The surgery might have taken minutes, or it might have been days. There was no way for me to tell time in that room, and so it became this abstract thing to me. All I knew was my mate was fighting for his life and I was pleading with every deity I’d ever heard of to save him. To let him live. To give me just one more day with him.
When Doc Monroe finished the last stich in Wyatt’s abdomen, he set down his needle and thread and sighed. “That’s about all I can do.”
My heart climbed up my throat, coming to a complete stop. “No,” I whispered. I staggered forward a step before my legs gave out completely and I fell to my knees. “No,” I said again, louder this time.
Doreen walked over and pulled me to my feet, her arm wrapping around my shoulders. “It’s in his hands now, Callie. He lost a lot of blood and his body’s working hard to replace it. What he needs now is time to rest and recuperate.”
I realized I’d been shaking my head the whole time she’d been talking and did my best to hold still. To stop breathing all together as I watched the slight rise and fall of Wyatt’s chest.
Doc Monroe sighed and pulled off his gloves. “You can stay with him while he sleeps off the anesthesia if you’d like.”
As if I had anywhere else to be.
As if there was anywhere else I could be.
As if my heart and soul wasn’t lying on the table right in front of me, struggling for each breath.
“I’m staying,” I said, my voice stronger than I’d anticip
ated.
The two of them finished up in the room as I pulled a chair next to Wyatt’s bed and picked up one of his clammy hands. I squeezed it between mine as the tears began to flow again and I closed my eyes.
The minutes dragged by as I steadily watched Wyatt’s chest rise and fall. Watched his nostrils flair with each breath and watched the pulse in his neck beat steadily. Doc and Doreen came in every once in a while to check on him, but not much changed. He was still fighting though and that’s all I could ask for. He was still breathing, and that was all I needed to continue taking breaths of my own.
I didn’t remember falling asleep, but when something squeezed my fingers, I opened my eyes and realized I was face down on the edge of Wyatt’s bed. Something squeezed me again and I looked down at my hand to find it still wrapped around Wyatt’s. My eyes trailed from that hand, up his thick arm to his face, his light brown eyes cracked open and looking at me.
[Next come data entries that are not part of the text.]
(* (Safety.) Fix any reasoning logic $\mathcal{L}$ and use the typing relation it determines. Let $c$ be a closed computation with $\vdash c : A\,!\,\Sigma/\mathcal{E}$. Progress: either there is a computation $c'$ with $c \leadsto c'$, or $c = \mathtt{return}\ v$ for some value $v$, or $c = \mathit{op}(v; y.c_0)$ for some operation $\mathit{op} \in \Sigma$, value $v$ and computation $c_0$. Preservation: if $c \leadsto c'$, then $\vdash c' : A\,!\,\Sigma/\mathcal{E}$.
   Context: We work with a fine-grain call-by-value calculus of algebraic effects and handlers, parametrised by a reasoning logic $\mathcal{L}$. Syntax. Values $v ::= x \mid () \mid \mathtt{true} \mid \mathtt{false} \mid \mathtt{fun}\ x \mapsto c \mid \mathtt{handler}\,(\mathtt{return}\ x \mapsto c_r;\ h)$. Computations $c ::= \mathtt{if}\ v\ \mathtt{then}\ c_1\ \mathtt{else}\ c_2 \mid v_1\, v_2 \mid \mathtt{return}\ v \mid \mathit{op}(v; y.c) \mid \mathtt{do}\ x \leftarrow c_1\ \mathtt{in}\ c_2 \mid \mathtt{with}\ v\ \mathtt{handle}\ c$, where $\mathit{op}$ ranges over operation names and $y$ is bound in $c$. Operation clauses $h$ are finite sets of clauses $\mathit{op}(x;k) \mapsto c_{\mathit{op}}$, at most one per operation name. Operational semantics: $\leadsto$ is the least relation on computations with: $\mathtt{if}\ \mathtt{true}\ \mathtt{then}\ c_1\ \mathtt{else}\ c_2 \leadsto c_1$; $\mathtt{if}\ \mathtt{false}\ \mathtt{then}\ c_1\ \mathtt{else}\ c_2 \leadsto c_2$; $(\mathtt{fun}\ x\mapsto c)\,v \leadsto c[v/x]$; if $c_1\leadsto c_1'$ then $\mathtt{do}\ x\leftarrow c_1\ \mathtt{in}\ c_2 \leadsto \mathtt{do}\ x\leftarrow c_1'\ \mathtt{in}\ c_2$; $\mathtt{do}\ x\leftarrow \mathtt{return}\ v\ \mathtt{in}\ c \leadsto c[v/x]$; $\mathtt{do}\ x\leftarrow \mathit{op}(v;y.c_1)\ \mathtt{in}\ c_2 \leadsto \mathit{op}(v;y.\,\mathtt{do}\ x\leftarrow c_1\ \mathtt{in}\ c_2)$; if $c\leadsto c'$ then $\mathtt{with}\ v\ \mathtt{handle}\ c\leadsto \mathtt{with}\ v\ \mathtt{handle}\ c'$; and with $H=\mathtt{handler}\,(\mathtt{return}\ x\mapsto c_r;\ h)$: $\mathtt{with}\ H\ \mathtt{handle}\ \mathtt{return}\ v \leadsto c_r[v/x]$, and $\mathtt{with}\ H\ \mathtt{handle}\ \mathit{op}(v;y.c)\leadsto c_{\mathit{op}}[v/x,(\mathtt{fun}\ y\mapsto \mathtt{with}\ H\ \mathtt{handle}\ c)/k]$ whenever $(\mathit{op}(x;k)\mapsto c_{\mathit{op}})\in h$. Types: value types $A,B ::= \mathtt{unit}\mid\mathtt{bool}\mid A\to\underline{C}\mid \underline{C}\Rightarrow\underline{D}$; computation types $\underline{C},\underline{D} ::= A\,!\,\Sigma/\mathcal{E}$, where a signature $\Sigma$ is a finite set of typed operations $\mathit{op}:A_{\mathit{op}}\to B_{\mathit{op}}$ with distinct names, and a theory $\mathcal{E}$ is a finite set of equations $\Gamma;Z\vdash T_1\sim T_2$. Contexts $\Gamma ::= \varepsilon\mid\Gamma,x:A$; template contexts $Z ::= \varepsilon \mid Z, z:A\to *$; templates $T ::= z(v)\mid \mathtt{if}\ v\ \mathtt{then}\ T_1\ \mathtt{else}\ T_2\mid \mathit{op}(v;y.T)$. Typing (mutually defined; all types must be well-formed, where $A\,!\,\Sigma/\mathcal{E}$ is well-formed iff its component types are and for each equation $\Gamma;Z\vdash T_1\sim T_2$ in $\mathcal{E}$ both $\Gamma;Z\vdash T_1:\Sigma$ and $\Gamma;Z\vdash T_2:\Sigma$). Templates: $\Gamma;Z\vdash z(v):\Sigma$ if $(z:A\to * )\in Z$ and $\Gamma\vdash v:A$; $\Gamma;Z\vdash \mathtt{if}\ v\ \mathtt{then}\ T_1\ \mathtt{else}\ T_2:\Sigma$ if $\Gamma\vdash v:\mathtt{bool}$ and $\Gamma;Z\vdash T_i:\Sigma$; $\Gamma;Z\vdash \mathit{op}(v;y.T):\Sigma$ if $(\mathit{op}:A_{\mathit{op}}\to B_{\mathit{op}})\in\Sigma$, $\Gamma\vdash v:A_{\mathit{op}}$ and $\Gamma,y:B_{\mathit{op}};Z\vdash T:\Sigma$. Values: $\Gamma\vdash x:A$ if $(x:A)\in\Gamma$; $\Gamma\vdash ():\mathtt{unit}$; $\Gamma\vdash\mathtt{true}:\mathtt{bool}$, $\Gamma\vdash\mathtt{false}:\mathtt{bool}$; $\Gamma\vdash \mathtt{fun}\ x\mapsto c:A\to\underline{C}$ if $\Gamma,x:A\vdash c:\underline{C}$; $\Gamma\vdash \mathtt{handler}\,(\mathtt{return}\ x\mapsto c_r;h): A\,!\,\Sigma/\mathcal{E}\Rightarrow\underline{D}$ if $\Gamma,x:A\vdash c_r:\underline{D}$ and $\Gamma\vdash h\models_{\mathcal{E},\Sigma}\underline{D}$. Computations: $\Gamma\vdash \mathtt{if}\ v\ \mathtt{then}\ c_1\ \mathtt{else}\ c_2:\underline{C}$ if $\Gamma\vdash v:\mathtt{bool}$, $\Gamma\vdash c_i:\underline{C}$; $\Gamma\vdash v_1\,v_2:\underline{C}$ if $\Gamma\vdash v_1:A\to\underline{C}$, $\Gamma\vdash v_2:A$; $\Gamma\vdash\mathtt{return}\ v:A\,!\,\Sigma/\mathcal{E}$ (any well-formed $\Sigma,\mathcal{E}$) if $\Gamma\vdash v:A$; $\Gamma\vdash \mathit{op}(v;y.c):A\,!\,\Sigma/\mathcal{E}$ if $(\mathit{op}:A_{\mathit{op}}\to B_{\mathit{op}})\in\Sigma$, $\Gamma\vdash v:A_{\mathit{op}}$, $\Gamma,y:B_{\mathit{op}}\vdash c:A\,!\,\Sigma/\mathcal{E}$; $\Gamma\vdash\mathtt{do}\ x\leftarrow c_1\ \mathtt{in}\ c_2:B\,!\,\Sigma/\mathcal{E}$ if $\Gamma\vdash c_1:A\,!\,\Sigma/\mathcal{E}$ and $\Gamma,x:A\vdash c_2:B\,!\,\Sigma/\mathcal{E}$; $\Gamma\vdash \mathtt{with}\ v\ \mathtt{handle}\ c:\underline{D}$ if $\Gamma\vdash v:\underline{C}\Rightarrow\underline{D}$ and $\Gamma\vdash c:\underline{C}$. Clauses: $\Gamma\vdash h:\Sigma\Rrightarrow\underline{D}$ iff $h$ has exactly one clause $\mathit{op}(x;k)\mapsto c_{\mathit{op}}$ for each $\mathit{op}\in\Sigma$ and no others, with $\Gamma,x:A_{\mathit{op}},k:B_{\mathit{op}}\to\underline{D}\vdash c_{\mathit{op}}:\underline{D}$. A reasoning logic $\mathcal{L}$ supplies the well-definedness judgement $\Gamma\vdash h\models_{\mathcal{E},\Sigma}\underline{D}$ ("clauses $h$ map computations equivalent under $\mathcal{E}$ to equivalent computations of type $\underline{D}$"); it may only hold when $\Gamma\vdash h:\Sigma\Rrightarrow\underline{D}$ and all equations of $\mathcal{E}$ are well-typed with respect to $\Sigma$.
   Formalization: A reasoning logic $\mathcal{L}$ must also keep $\Gamma\vdash h\models_{\mathcal{E},\Sigma}\underline{D}$ under weakening of $\Gamma$ and under substitution, into h, of a closed value of type A for a variable x : A removed from $\Gamma$. The statement above fails without it. *)

theory Defs
  imports Main "HOL-Library.FSet"
begin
“Callie girl?” he croaked.
A soft sob wrenched from my chest as I inched closer to him. “Wyatt. You’re up,” I cried.
His thick brows pulled low over his eyes as he closed them again. “Why you cryin’?”
I wiped the stupid tears that were blocking my view of him and shook my head. “I’m not.”
“Liar.”
A watery chuckle fell from my lips as I kissed his hand. “I’m just so glad you’re awake. I was so worried about you.”
“What happened?” he whispered.
“You were shot.”
He was quiet for a moment before he groaned softly and shook his head. “Fucking Paul.”
I sniffed back the tears and stood up. “I should go get the doctor.”
He shook his head again and pulled gently on my hand. “No. Stay. I need you.”
A small crack raced through my heart as I sat back down and pulled his hand to my chest. “Okay. I won’t go anywhere.”
“I’m sorry, Callie girl.”
“For what?”
He squeezed his eyes closed and grunted softly. “Promised I’d come back.”
There was no stopping the tears this time. “It’s okay, Wy. It’s okay. You’re here and you’re going to be okay. That’s all that matters.”